→ Work instructions:
Copy each line of the records below that has "shows" in it.

→ Materials provided:
══════════
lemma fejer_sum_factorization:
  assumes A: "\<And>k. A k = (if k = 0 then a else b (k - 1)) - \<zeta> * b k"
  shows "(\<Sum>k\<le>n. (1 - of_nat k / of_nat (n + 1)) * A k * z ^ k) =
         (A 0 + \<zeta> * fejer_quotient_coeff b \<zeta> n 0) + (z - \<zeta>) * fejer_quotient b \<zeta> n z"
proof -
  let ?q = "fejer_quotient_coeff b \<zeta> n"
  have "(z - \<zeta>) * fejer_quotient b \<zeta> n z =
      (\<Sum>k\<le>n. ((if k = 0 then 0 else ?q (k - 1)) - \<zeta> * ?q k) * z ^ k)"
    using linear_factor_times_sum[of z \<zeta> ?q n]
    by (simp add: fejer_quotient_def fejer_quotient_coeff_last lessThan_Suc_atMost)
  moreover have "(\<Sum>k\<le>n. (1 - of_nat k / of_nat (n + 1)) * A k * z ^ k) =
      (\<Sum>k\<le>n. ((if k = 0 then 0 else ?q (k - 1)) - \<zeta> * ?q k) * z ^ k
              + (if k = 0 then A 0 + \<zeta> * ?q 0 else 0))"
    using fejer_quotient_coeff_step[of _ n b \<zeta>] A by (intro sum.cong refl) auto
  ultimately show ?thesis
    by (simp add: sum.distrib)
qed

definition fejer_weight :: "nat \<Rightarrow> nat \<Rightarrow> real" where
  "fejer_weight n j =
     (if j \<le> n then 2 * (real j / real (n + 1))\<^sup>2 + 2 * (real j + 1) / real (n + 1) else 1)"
══════════
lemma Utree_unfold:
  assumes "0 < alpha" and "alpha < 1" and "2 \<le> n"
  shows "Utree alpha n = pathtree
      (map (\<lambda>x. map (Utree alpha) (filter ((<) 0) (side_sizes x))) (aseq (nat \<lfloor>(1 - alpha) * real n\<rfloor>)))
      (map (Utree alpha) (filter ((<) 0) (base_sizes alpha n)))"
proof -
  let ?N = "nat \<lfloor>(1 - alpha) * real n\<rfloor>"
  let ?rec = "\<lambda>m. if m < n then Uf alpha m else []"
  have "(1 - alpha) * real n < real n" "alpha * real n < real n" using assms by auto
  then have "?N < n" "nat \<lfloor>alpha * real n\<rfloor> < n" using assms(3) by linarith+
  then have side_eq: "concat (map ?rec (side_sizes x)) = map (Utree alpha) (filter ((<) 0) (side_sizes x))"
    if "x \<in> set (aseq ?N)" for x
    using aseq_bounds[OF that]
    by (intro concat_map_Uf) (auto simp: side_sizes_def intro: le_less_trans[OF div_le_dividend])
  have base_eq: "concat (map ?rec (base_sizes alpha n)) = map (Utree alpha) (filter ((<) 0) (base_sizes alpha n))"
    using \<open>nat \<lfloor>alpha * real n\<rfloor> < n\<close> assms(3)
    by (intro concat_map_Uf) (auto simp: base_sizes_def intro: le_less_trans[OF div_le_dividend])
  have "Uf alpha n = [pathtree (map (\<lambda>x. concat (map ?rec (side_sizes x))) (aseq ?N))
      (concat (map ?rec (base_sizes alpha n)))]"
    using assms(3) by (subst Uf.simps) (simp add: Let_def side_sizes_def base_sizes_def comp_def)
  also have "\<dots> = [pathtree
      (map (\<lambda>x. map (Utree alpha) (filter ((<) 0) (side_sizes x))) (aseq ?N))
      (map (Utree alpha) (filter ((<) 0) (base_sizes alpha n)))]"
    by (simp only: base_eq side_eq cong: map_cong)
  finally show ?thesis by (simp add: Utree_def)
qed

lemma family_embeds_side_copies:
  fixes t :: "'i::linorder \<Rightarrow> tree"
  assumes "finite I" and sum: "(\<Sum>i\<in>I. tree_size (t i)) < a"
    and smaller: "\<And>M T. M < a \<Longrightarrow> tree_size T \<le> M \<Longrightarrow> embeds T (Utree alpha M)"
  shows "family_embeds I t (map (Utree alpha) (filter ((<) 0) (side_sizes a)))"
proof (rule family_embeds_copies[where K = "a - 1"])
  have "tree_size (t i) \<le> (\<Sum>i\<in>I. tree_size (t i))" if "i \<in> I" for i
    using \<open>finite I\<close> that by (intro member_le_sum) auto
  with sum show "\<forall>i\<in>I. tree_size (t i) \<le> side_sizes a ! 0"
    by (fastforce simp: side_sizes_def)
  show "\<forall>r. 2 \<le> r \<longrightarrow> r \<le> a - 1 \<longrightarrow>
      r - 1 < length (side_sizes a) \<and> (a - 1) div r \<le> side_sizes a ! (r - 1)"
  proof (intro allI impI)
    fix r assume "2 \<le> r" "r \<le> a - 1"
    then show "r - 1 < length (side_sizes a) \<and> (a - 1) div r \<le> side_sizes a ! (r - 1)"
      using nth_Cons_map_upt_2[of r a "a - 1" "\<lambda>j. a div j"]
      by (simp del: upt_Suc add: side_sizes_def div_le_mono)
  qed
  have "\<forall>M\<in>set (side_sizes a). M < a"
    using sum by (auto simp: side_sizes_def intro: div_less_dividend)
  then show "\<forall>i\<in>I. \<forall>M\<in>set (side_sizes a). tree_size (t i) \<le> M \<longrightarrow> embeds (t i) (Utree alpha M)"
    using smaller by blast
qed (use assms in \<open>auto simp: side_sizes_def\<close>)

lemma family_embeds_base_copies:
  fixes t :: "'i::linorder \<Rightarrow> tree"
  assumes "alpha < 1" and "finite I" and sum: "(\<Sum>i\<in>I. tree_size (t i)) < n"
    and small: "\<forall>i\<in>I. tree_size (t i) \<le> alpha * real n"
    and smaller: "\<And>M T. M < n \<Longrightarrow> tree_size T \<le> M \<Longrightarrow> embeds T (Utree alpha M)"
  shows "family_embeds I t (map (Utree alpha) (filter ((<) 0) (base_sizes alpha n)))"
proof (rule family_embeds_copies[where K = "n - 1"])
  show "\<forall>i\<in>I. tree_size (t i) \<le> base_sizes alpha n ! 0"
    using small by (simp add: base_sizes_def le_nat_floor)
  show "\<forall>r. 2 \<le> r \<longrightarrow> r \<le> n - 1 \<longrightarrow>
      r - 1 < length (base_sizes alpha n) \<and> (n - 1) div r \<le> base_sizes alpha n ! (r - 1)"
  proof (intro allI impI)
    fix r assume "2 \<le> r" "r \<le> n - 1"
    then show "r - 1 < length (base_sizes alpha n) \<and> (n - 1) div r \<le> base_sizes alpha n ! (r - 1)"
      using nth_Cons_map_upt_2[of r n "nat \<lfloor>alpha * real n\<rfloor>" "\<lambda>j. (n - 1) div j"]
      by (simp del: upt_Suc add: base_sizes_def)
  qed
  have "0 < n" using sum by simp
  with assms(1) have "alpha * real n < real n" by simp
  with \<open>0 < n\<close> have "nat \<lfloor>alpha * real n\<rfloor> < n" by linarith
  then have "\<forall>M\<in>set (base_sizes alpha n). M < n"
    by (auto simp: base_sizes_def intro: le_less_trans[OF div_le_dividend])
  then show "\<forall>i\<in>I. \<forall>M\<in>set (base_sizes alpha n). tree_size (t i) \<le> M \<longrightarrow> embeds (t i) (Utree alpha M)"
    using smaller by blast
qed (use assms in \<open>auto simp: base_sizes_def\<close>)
══════════
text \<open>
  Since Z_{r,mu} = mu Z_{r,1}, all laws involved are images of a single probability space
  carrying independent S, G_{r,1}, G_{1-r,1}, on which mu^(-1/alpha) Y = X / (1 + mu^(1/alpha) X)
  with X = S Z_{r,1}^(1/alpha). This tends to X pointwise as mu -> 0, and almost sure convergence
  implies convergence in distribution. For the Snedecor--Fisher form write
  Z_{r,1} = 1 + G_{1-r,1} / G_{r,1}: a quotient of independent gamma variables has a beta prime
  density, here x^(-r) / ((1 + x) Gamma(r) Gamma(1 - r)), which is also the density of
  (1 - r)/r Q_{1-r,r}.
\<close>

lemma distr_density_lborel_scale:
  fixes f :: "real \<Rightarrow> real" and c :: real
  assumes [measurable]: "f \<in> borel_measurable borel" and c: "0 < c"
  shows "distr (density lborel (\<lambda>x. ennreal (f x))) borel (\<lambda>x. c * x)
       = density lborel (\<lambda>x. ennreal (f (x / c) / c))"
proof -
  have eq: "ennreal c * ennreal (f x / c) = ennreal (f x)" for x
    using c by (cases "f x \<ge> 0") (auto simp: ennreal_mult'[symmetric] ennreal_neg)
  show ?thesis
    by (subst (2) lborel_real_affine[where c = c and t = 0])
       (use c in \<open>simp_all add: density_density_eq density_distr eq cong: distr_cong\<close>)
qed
══════════
→ Reply:
  shows "(\<Sum>k\<le>n. (1 - of_nat k / of_nat (n + 1)) * A k * z ^ k) =
  shows "Utree alpha n = pathtree
  shows "family_embeds I t (map (Utree alpha) (filter ((<) 0) (side_sizes a)))"
  shows "family_embeds I t (map (Utree alpha) (filter ((<) 0) (base_sizes alpha n)))"
  shows "distr (density lborel (\<lambda>x. ennreal (f x))) borel (\<lambda>x. c * x)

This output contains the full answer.